De acordo com Ketner, sua avó Júlia foi encaminhada para a Santa Casa de Franca na última quinta-feira, 12, por volta das 21h. Já no dia seguinte, na sexta-feira, 13, a idosa recebeu alta por volta das 6h. A neta acredita que houve “imprudência”, porque sua avó recebeu alta mesmo com muita dor.

“O problema foi a imprudência de terem liberado ela e não terem feito os exames necessários. No dia em que ela foi para a Santa Casa, eles deveriam ter feito exames, colocado no Hospital do Coração, ela estava tomando um remédio muito forte e não estava resolvendo”, narra Ketner.

Segundo a neta, o médico dizia que Júlia iria tomar o remédio e melhorar. “O coração dela estava inchado, será que não viram isso? Não a internaram, liberaram minha avó na manhã do dia seguinte, praticamente só passou a madrugada lá.”

“Ela sentiu dor a semana inteira, nossa família tentava levar ela para a UPA (Unidade de Pronto Atendimento), mas mandavam ela de volta para casa e diziam que não podiam fazer nada”, continuou a neta.

O GCN entrou em contato com a assessoria da Santa Casa de Franca às 12h05, que elabora um posicionamento sobre o caso. Até a publicação deste texto, a resposta do hospital não foi enviada, mas a matéria será atualizada assim que a Santa Casa se posicionar.

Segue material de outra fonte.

lemma maximal_outerplanar_GH: "maximal_outerplanar GV GE"
  unfolding maximal_outerplanar_def
proof (intro conjI outerplanar_GH ballI impI)
  fix x y assume x: "x \<in> GV" and y: "y \<in> GV" and xy: "x \<noteq> y \<and> {x, y} \<notin> GE"
  from x show "\<not> outerplanar GV (insert {x, y} GE)"
  proof (cases rule: GV_cases)
    case (new i)
    show ?thesis
      using xy unfolding new(2) by (intro no_extra_edge_at_new[OF new(1) y]) auto
  next
    case (old j)
    note x_old = old
    from y show ?thesis
    proof (cases rule: GV_cases)
      case (old j')
      show ?thesis
        using no_extra_edge_between_old[OF a_in_V[OF x_old(1)] a_in_V[OF old(1)]] xy
        unfolding x_old(2) old(2) by simp
    next
      case (new i)
      show ?thesis
        using no_extra_edge_at_new[OF new(1) x] xy x_old(2) new(2) by (simp add: insert_commute)
    qed
  qed
qed

subsection \<open>Degrees\<close>

lemma cycle_neighbours_GE:
  assumes "j \<in> {1..2*k}"
  obtains j' j'' where "j' \<in> {1..2*k}" "j'' \<in> {1..2*k}" "distinct [j, j', j'']"
    "Inl (a j') \<in> nbhd GE (Inl (a j))" "Inl (a j'') \<in> nbhd GE (Inl (a j))"
proof -
  have "3 \<le> 2 * k" using k_ge_2 by simp
  then obtain j' j'' where "j' \<in> {1..2*k}" "j'' \<in> {1..2*k}" "distinct [j, j', j'']"
    "{(Inl \<circ> a) j, (Inl \<circ> a) j'} \<in> GE" "{(Inl \<circ> a) j, (Inl \<circ> a) j''} \<in> GE"
    by (rule closed_walk_neighbours[OF closed_walk_GE _ assms])
  with that show ?thesis
    by (simp add: nbhd_def)
qed

lemma degree_Inl_ne_2:
  assumes "j \<in> {1..2*k}"
  shows "degree GE (Inl (a j)) \<noteq> 2"
proof -
  obtain j' j'' where nb: "j' \<in> {1..2*k}" "j'' \<in> {1..2*k}" "distinct [j, j', j'']"
    "Inl (a j') \<in> nbhd GE (Inl (a j))" "Inl (a j'') \<in> nbhd GE (Inl (a j))"
    using cycle_neighbours_GE[OF assms] .
  define i where "i = (j + 1) div 2"
  have i: "i \<in> {1..k}" "j = 2*i - 1 \<or> j = 2*i"
    using assms unfolding i_def by auto
  then have "Inr i \<in> nbhd GE (Inl (a j))"
    using new_edges_in_GE[OF i(1)] by (auto simp: nbhd_def insert_commute)
  moreover have "a j' \<noteq> a j''"
    using nb(1-3) inj_a by (auto simp: inj_on_eq_iff)
  ultimately have sub: "{Inr i, Inl (a j'), Inl (a j'')} \<subseteq> nbhd GE (Inl (a j))"
    and three: "card {Inr i, Inl (a j'), Inl (a j'')} = 3"
    using nb(4,5) by auto
  show ?thesis
  proof (cases "finite (nbhd GE (Inl (a j)))")
    case True
    with card_mono[OF True sub] three show ?thesis
      by (simp add: degree_def)
  qed (simp add: degree_def)
qed

lemma degree_two_vertices: "{v \<in> GV. degree GE v = 2} = Inr ` {1..k}"
proof (intro equalityI subsetI)
  fix v assume "v \<in> {v \<in> GV. degree GE v = 2}"
  then show "v \<in> Inr ` {1..k}"
    using degree_Inl_ne_2 by (auto elim: GV_cases)
next
  fix v :: "'a + nat" assume "v \<in> Inr ` {1..k}"
  then obtain i where i: "i \<in> {1..k}" "v = Inr i" by blast
  then have "a (2*i - 1) \<noteq> a (2*i)"
    using inj_a pair_index_range by (auto simp: inj_on_eq_iff)
  then have "degree GE v = 2"
    using nbhd_Inr[OF i(1)] i(2) by (simp add: degree_def)
  then show "v \<in> {v \<in> GV. degree GE v = 2}"
    using i Inr_in_GV by simp
qed

lemma card_degree_two_vertices: "card {v \<in> GV. degree GE v = 2} = k"
  unfolding degree_two_vertices by (simp add: card_image)

subsection \<open>Double domination\<close>

lemma two_le_card_closed_nbhd_Inl_V:
  assumes "v \<in> GV"
  shows "2 \<le> card (insert v (nbhd GE v) \<inter> Inl ` V)"
proof -
  let ?N = "insert v (nbhd GE v) \<inter> Inl ` V"
  have "finite ?N" using finite_V by simp
  have two: "2 \<le> card ?N" if "x \<in> ?N" "y \<in> ?N" "x \<noteq> y" for x y
  proof -
    have "{x, y} \<subseteq> ?N" using that by simp
    from card_mono[OF \<open>finite ?N\<close> this] show ?thesis
      using that(3) by simp
  qed
  from assms show ?thesis
  proof (cases rule: GV_cases)
    case (old j)
    obtain j' j'' where j': "j' \<in> {1..2*k}" "distinct [j, j', j'']" "Inl (a j') \<in> nbhd GE v"
      using cycle_neighbours_GE[OF old(1)] old(2) by metis
    have "a j \<noteq> a j'"
      using inj_on_eq_iff[OF inj_a old(1) j'(1)] j'(2) by simp
    then show ?thesis
      using two[of v "Inl (a j')"] old j' a_in_V by simp
  next
    case (new i)
    have "a (2*i - 1) \<noteq> a (2*i)"
      using inj_on_eq_iff[OF inj_a pair_index_range[OF new(1)]] new(1) by auto
    then show ?thesis
      using two[of "Inl (a (2*i - 1))" "Inl (a (2*i))"] nbhd_Inr[OF new(1)] new(2)
        a_in_V[OF pair_index_range(1)[OF new(1)]] a_in_V[OF pair_index_range(2)[OF new(1)]]
      by simp
  qed
qed

lemma closed_nbhds_Inr_disjoint:
  "pairwise (\<lambda>v w. disjnt (insert v (nbhd GE v)) (insert w (nbhd GE w))) (Inr ` {1..k})"
proof (rule pairwiseI)
  fix v w :: "'a + nat" assume "v \<in> Inr ` {1..k}" "w \<in> Inr ` {1..k}" "v \<noteq> w"
  then obtain i i' where i: "i \<in> {1..k}" "i' \<in> {1..k}" "i \<noteq> i'" "v = Inr i" "w = Inr i'"
    by blast
  have "a m \<noteq> a m'" if "m \<in> {2*i - 1, 2*i}" "m' \<in> {2*i' - 1, 2*i'}" for m m'
  proof -
    have "m \<in> {1..2*k}" "m' \<in> {1..2*k}" "m \<noteq> m'"
      using that i(1-3) by auto
    then show ?thesis
      using inj_on_eq_iff[OF inj_a] by blast
  qed
  then show "disjnt (insert v (nbhd GE v)) (insert w (nbhd GE w))"
    unfolding i(4,5) nbhd_Inr[OF i(1)] nbhd_Inr[OF i(2)] disjnt_def by auto
qed

lemma double_domination_number_GH: "double_domination_number GV GE = 2 * k"
proof -
  have "double_dominating GV GE (Inl ` V)"
    unfolding double_dominating_def using Inl_in_GV two_le_card_closed_nbhd_Inl_V by blast
  moreover have "card (Inl ` V :: ('a + nat) set) = 2 * k"
    using card_V by (simp add: card_image)
  moreover have "2 * k \<le> card D" if "double_dominating GV GE D" for D
  proof -
    have "Inr ` {1..k} \<subseteq> GV" using Inr_in_GV by blast
    from double_dominating_card_ge[OF that _ this closed_nbhds_Inr_disjoint]
    show ?thesis
      using finite_V by (simp add: GH_vertices_def card_image)
  qed
  ultimately show ?thesis
    using double_domination_number_eqI by metis
qed

end

theorem mainTheorem3:
  fixes k :: nat and V :: "'a set" and E :: "'a set set" and a :: "nat \<Rightarrow> 'a"
  assumes "k \<ge> 2"
    and "maximal_outerplanar V E"
    and "inj_on a {1..2*k}" and "a ` {1..2*k} = V"
    and "\<forall>i\<in>{1..<2*k}. {a i, a (Suc i)} \<in> E" and "{a (2*k), a 1} \<in> E"
    and "outerplanar_wrt V E (inv_into {1..2*k} a)"
  shows "maximal_outerplanar (GH_vertices k V) (GH_edges k a E)
    \<and> card (GH_vertices k V) = 3 * k
    \<and> card {v \<in> GH_vertices k V. degree (GH_edges k a E) v = 2} = k
    \<and> (let n = card (GH_vertices k V);
           t = card {v \<in> GH_vertices k V. degree (GH_edges k a E) v = 2};
           g = double_domination_number (GH_vertices k V) (GH_edges k a E)
       in real g = 2 * real n / 3 \<and> real g = (real n + real t) / 2 \<and> real g = real n - real t)"
proof -
  interpret GH_construction k V E a
    using assms by unfold_locales
  show ?thesis
    using maximal_outerplanar_GH card_GV card_degree_two_vertices double_domination_number_GH
    by (simp add: Let_def)
qed

end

A Prefeitura de Franca foi procurada às 12h30 também para se posicionar sobre o atendimento prestado à idosa. A Prefeitura encaminhou os questionamentos da reportagem para a Secretaria de Saúde. O texto será atualizado assim que a Saúde enviar sua resposta.

A Secretaria de Saúde de Franca se posicionou quanto ao caso, informando que o último atendimento registrado da paciente na rede de emergência do município foi no dia 11 de maio. "A Secretaria de Saúde informa que não consta histórico de atendimento da paciente Júlia Romoaldo da Silva, nas Unidades de Pronto-Atendimento (UPAS) do município, após a alta mencionada pela família no último dia 13", disse a Saúde através de nota.

O corpo de Júlia está sendo velado na sala 4 do Velório São Vicente, desde as 10h desta terça-feira, 17, e seguirá até as 14h. Logo após o velório, o sepultamento acontece no Cemitério Parque Jardim das Oliveiras, no Distrito Industrial.

Texto atualizado às 16h48 desta terça-feira, 17.